Ashley McCollum, another East Palestine resident, watched the fire on Feb. 3 from her back door. She lives just a block from where the train derailed. She hasn’t been back to her home since.
“The last time I looked at my house was the last time I thought I would see my house,” McCollum said. “I feel that to this day because I don’t feel my family is safe to go back home.”
Shelby Walker’s home is just 900 feet from the tracks and “ground zero.” She too feels as if she has had her home ripped away from her and her family of 11.
“How do I know that contaminated soil has not leaked closer to our home or is even in our home right now? Being that we are so close, my home is not safe. My kids have lost their home. They’ve lost their family.
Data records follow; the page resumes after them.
(* For every Zygmund vector field $X$ on $\mathbb{S}^1$, its width satisfies $w(X)\le\frac83\lVert X\rVert_{cr}$.
   Context: A vector field $X$ on $\mathbb{S}^1=\partial\mathbb{D}^2$ is written $X(z)=iz\phi_X(z)$, $\phi_X:\mathbb{S}^1\to\mathbb{R}$. For $\eta\in\overline{\mathbb{D}^2}$, $\phi_X^-(\eta)=\sup\{a(\eta):a:\mathbb{R}^2\to\mathbb{R}\text{ affine},a|_{\mathbb{S}^1}\le\phi_X\}$ and $\phi_X^+(\eta)=\inf\{a(\eta):a\text{ affine},a|_{\mathbb{S}^1}\ge\phi_X\}$. The width is $w(X)=\sup_{\eta\in\mathbb{D}^2}\frac{\phi_X^+(\eta)-\phi_X^-(\eta)}{\sqrt{1-|\eta|^2}}$. Cross-ratio norm: identify $\mathbb{S}^1$ with $\mathbb{RP}^1=\mathbb{R}\cup\{\infty\}$ by a projective identification and write $X$ as $X(x)\partial_x$; for $Q=[a,b,c,d]$, $\mathrm{cr}(Q)=\frac{(b-a)(d-c)}{(c-b)(d-a)}$, $X[Q]=\frac{X(b)-X(a)}{b-a}-\frac{X(c)-X(b)}{c-b}+\frac{X(d)-X(c)}{d-c}-\frac{X(a)-X(d)}{a-d}$, and $\lVert X\rVert_{cr}=\sup_{\mathrm{cr}(Q)=1}|X[Q]|$. $X$ is Zygmund if it is continuous and $\lVert X\rVert_{cr}<\infty$. *)

theory Defs
  imports "HOL-Analysis.Analysis"
begin

text \<open>A vector field X on the unit circle (boundary of the unit disc in the complex
plane) is X(z) = i z phi(z); we represent it by phi :: complex => real (only its
values on sphere 0 1 matter).\<close>

definition phi_minus :: "(complex \<Rightarrow> real) \<Rightarrow> complex \<Rightarrow> real" where
  "phi_minus \<phi> \<eta> = Sup {c + p * Re \<eta> + q * Im \<eta> | c p q.
      \<forall>z\<in>sphere 0 1. c + p * Re z + q * Im z \<le> \<phi> z}"

definition phi_plus :: "(complex \<Rightarrow> real) \<Rightarrow> complex \<Rightarrow> real" where
  "phi_plus \<phi> \<eta> = Inf {c + p * Re \<eta> + q * Im \<eta> | c p q.
      \<forall>z\<in>sphere 0 1. c + p * Re z + q * Im z \<ge> \<phi> z}"

definition width :: "(complex \<Rightarrow> real) \<Rightarrow> ereal" where
  "width \<phi> = (SUP \<eta>\<in>ball 0 1.
      ereal ((phi_plus \<phi> \<eta> - phi_minus \<phi> \<eta>) / sqrt (1 - (cmod \<eta>)\<^sup>2)))"

text \<open>Projective identification RP^1 = R \<union> {\<infinity>} -> S^1 via the Cayley transform
x |-> (1 + i x)/(1 - i x) = exp(2 i arctan x). In this chart the vector field
X(z) = i z phi(z) d/dz becomes X(x) d/dx with X(x) = (1 + x^2)/2 * phi(cayley x).\<close>

definition cayley :: "real \<Rightarrow> complex" where
  "cayley x = (1 + \<i> * of_real x) / (1 - \<i> * of_real x)"

definition chart_field :: "(complex \<Rightarrow> real) \<Rightarrow> real \<Rightarrow> real" where
  "chart_field \<phi> x = (1 + x\<^sup>2) / 2 * \<phi> (cayley x)"

definition cross_ratio :: "real \<Rightarrow> real \<Rightarrow> real \<Rightarrow> real \<Rightarrow> real" where
  "cross_ratio a b c d = ((b - a) * (d - c)) / ((c - b) * (d - a))"

definition field_cr :: "(real \<Rightarrow> real) \<Rightarrow> real \<Rightarrow> real \<Rightarrow> real \<Rightarrow> real \<Rightarrow> real" where
  "field_cr X a b c d =
     (X b - X a) / (b - a) - (X c - X b) / (c - b) + (X d - X c) / (d - c)
     - (X a - X d) / (a - d)"

definition cr_norm :: "(complex \<Rightarrow> real) \<Rightarrow> ereal" where
  "cr_norm \<phi> = (SUP Q\<in>{(a, b, c, d). cross_ratio a b c d = 1}.
      (case Q of (a, b, c, d) \<Rightarrow> ereal \<bar>field_cr (chart_field \<phi>) a b c d\<bar>))"

definition zygmund :: "(complex \<Rightarrow> real) \<Rightarrow> bool" where
  "zygmund \<phi> \<longleftrightarrow> continuous_on (sphere 0 1) \<phi> \<and> cr_norm \<phi> < \<infinity>"

end

theory Submission
  imports Defs "HOL-Real_Asymp.Real_Asymp"
begin

text \<open>Fix \<eta> in the disc and weigh by w z = 1 - <\<eta>, z>, which is positive on the circle and
  equals 1 - |\<eta>|^2 at \<eta>. In the Cayley chart affine functions on the circle become quadratic
  polynomials, which the cross-ratio form annihilates, and w becomes a multiple of
  (x - s)^2 + r^2. Subtracting the affine function whose chart field interpolates X at s +- r/2
  and at infinity leaves a function \<psi> whose chart field Y still has cross-ratio norm at most
  N = ||X||_cr; letting one point of a quadruple of cross ratio 1 tend to infinity gives
  |Y (x + h) + Y (x - h) - 2 Y x| <= N |h|. At a point where |\<psi>| / w is maximal, this
  second-difference estimate between that point and the nearer zero s +- r/2 of Y shows
  |\<psi>| <= 4 N / (3 sqrt (1 - |\<eta>|^2)) w. Adding and subtracting this multiple of w gives an
  affine majorant and minorant of \<phi> whose gap at \<eta> is (8/3) N sqrt (1 - |\<eta>|^2).\<close>

section \<open>The Cayley chart\<close>

lemma one_plus_square_pos [simp]: "0 < 1 + (x::real)\<^sup>2"
  by (simp add: add_pos_nonneg)

lemma one_plus_square_neq_zero [simp]: "1 + (x::real)\<^sup>2 \<noteq> 0"
  using one_plus_square_pos[of x] by linarith

lemma cayley_eq: "cayley x = Complex ((1 - x\<^sup>2) / (1 + x\<^sup>2)) (2 * x / (1 + x\<^sup>2))"
  by (simp add: cayley_def complex_eq_iff Re_divide Im_divide field_simps power2_eq_square)

lemma Re_cayley_mult: "(1 + x\<^sup>2) * Re (cayley x) = 1 - x\<^sup>2"
  by (simp add: cayley_eq)

lemma Im_cayley_mult: "(1 + x\<^sup>2) * Im (cayley x) = 2 * x"
  by (simp add: cayley_eq)

lemma norm_cayley [simp]: "cmod (cayley x) = 1"
proof -
  have "(1 - x\<^sup>2)\<^sup>2 + (2 * x)\<^sup>2 = (1 + x\<^sup>2)\<^sup>2"
    by algebra
  then show ?thesis
    by (simp add: cayley_eq cmod_def power_divide add_divide_distrib[symmetric])
qed

lemma continuous_on_cayley: "continuous_on UNIV cayley"
  unfolding cayley_eq[abs_def] by (intro continuous_intros) auto

lemma cayley_tendsto_at_top: "(cayley \<longlongrightarrow> -1) at_top"
proof -
  have "((\<lambda>x. Complex ((1 - x\<^sup>2) / (1 + x\<^sup>2)) (2 * x / (1 + x\<^sup>2))) \<longlongrightarrow> Complex (-1) 0) at_top"
    by (intro tendsto_Complex; real_asymp)
  moreover have "Complex (-1) 0 = -1"
    by (simp add: complex_eq_iff)
  ultimately show ?thesis
    by (simp add: cayley_eq[abs_def])
qed

lemma cayley_inverse:
  assumes "z \<in> sphere 0 1" "z \<noteq> -1"
  shows "cayley (Im z / (1 + Re z)) = z"
proof -
  have circle: "(Re z)\<^sup>2 + (Im z)\<^sup>2 = 1"
    using assms(1) by (simp add: cmod_def)
  have "Re z \<noteq> -1"
    using assms(2) circle by (auto simp: complex_eq_iff)
  moreover have "Re z \<ge> -1"
    using abs_Re_le_cmod[of z] assms(1) by simp
  ultimately have pos: "1 + Re z > 0"
    by simp
  define t where "t = Im z / (1 + Re z)"
  have "(Im z)\<^sup>2 = (1 - Re z) * (1 + Re z)"
    using circle by (simp add: algebra_simps power2_eq_square)
  then have "t\<^sup>2 = (1 - Re z) / (1 + Re z)"
    using pos by (simp add: t_def power_divide power2_eq_square)
  then have "1 + t\<^sup>2 = 2 / (1 + Re z)" "1 - t\<^sup>2 = 2 * Re z / (1 + Re z)"
    using pos by (simp_all add: field_simps)
  then show ?thesis
    using pos by (simp add: cayley_eq complex_eq_iff t_def)
qed

lemma chart_field_diff: "chart_field (\<lambda>z. f z - g z) x = chart_field f x - chart_field g x"
  by (simp add: chart_field_def right_diff_distrib)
We are spread out everywhere.,” she said.
Walker’s 12-year-old son also spoke.
“Right now, I can’t sleep in my own bed or even spend more than five hours a week in my own home and I will never be able to play in my backyard, ever,” he said. “We live at ground zero.”
East Palestine teenager Jenna Kosa also had questions.
“I’m 17 and I’m representing the youth. My question is, will me and my sisters be infertile and if we can have kids, are they gonna have birth defects?” she asked.
Candice DeSanzo of East Palestine shared her experience of being both displaced and sick.
“I am homeless because I have independent test results that show I have 2.58 levels of dioxin in the soil around my home that has caused me and my children debilitating health effects,” she said.
Other area residents spoke about adverse health impacts they say the derailment has caused, including those outside of East Palestine.
“I’ve had symptoms. I have an auto-immune and it has made it worse. I’ll probably cry because I’m pretty emotional,” said Kim Rankin of Columbiana. “My daughter turned 30 on Sunday, her joints are so swollen and she is so tight and so swollen everywhere that she can’t walk.”
Residents of Beaver Township and Darlington in Pennsylvania shared similar stories.
The panel also included Scott Smith and Daniel Winston.
Smith is an independent scientist who has been testing and sampling the water and soil in and around East Palestine. He is chief sustainability officer at ECO Integrated Technologies and has collected data that the Unity Council reports “calls into question the public relations narrative coming from Norfolk Southern and government agencies.”
Winston, a resident of Wellsville, is co-director of River Valley Organizing, a non-profit community advocacy group. Winston is planning to organize both a bus trip for residents to both Columbus and Washington, D.C. as they continue to advocate and fight for the future of their communities.
“We might need support but we can do this. We are strong,” said event organizer Jami Wallace. “We just have to keep fighting — fighting for each other and fighting together.”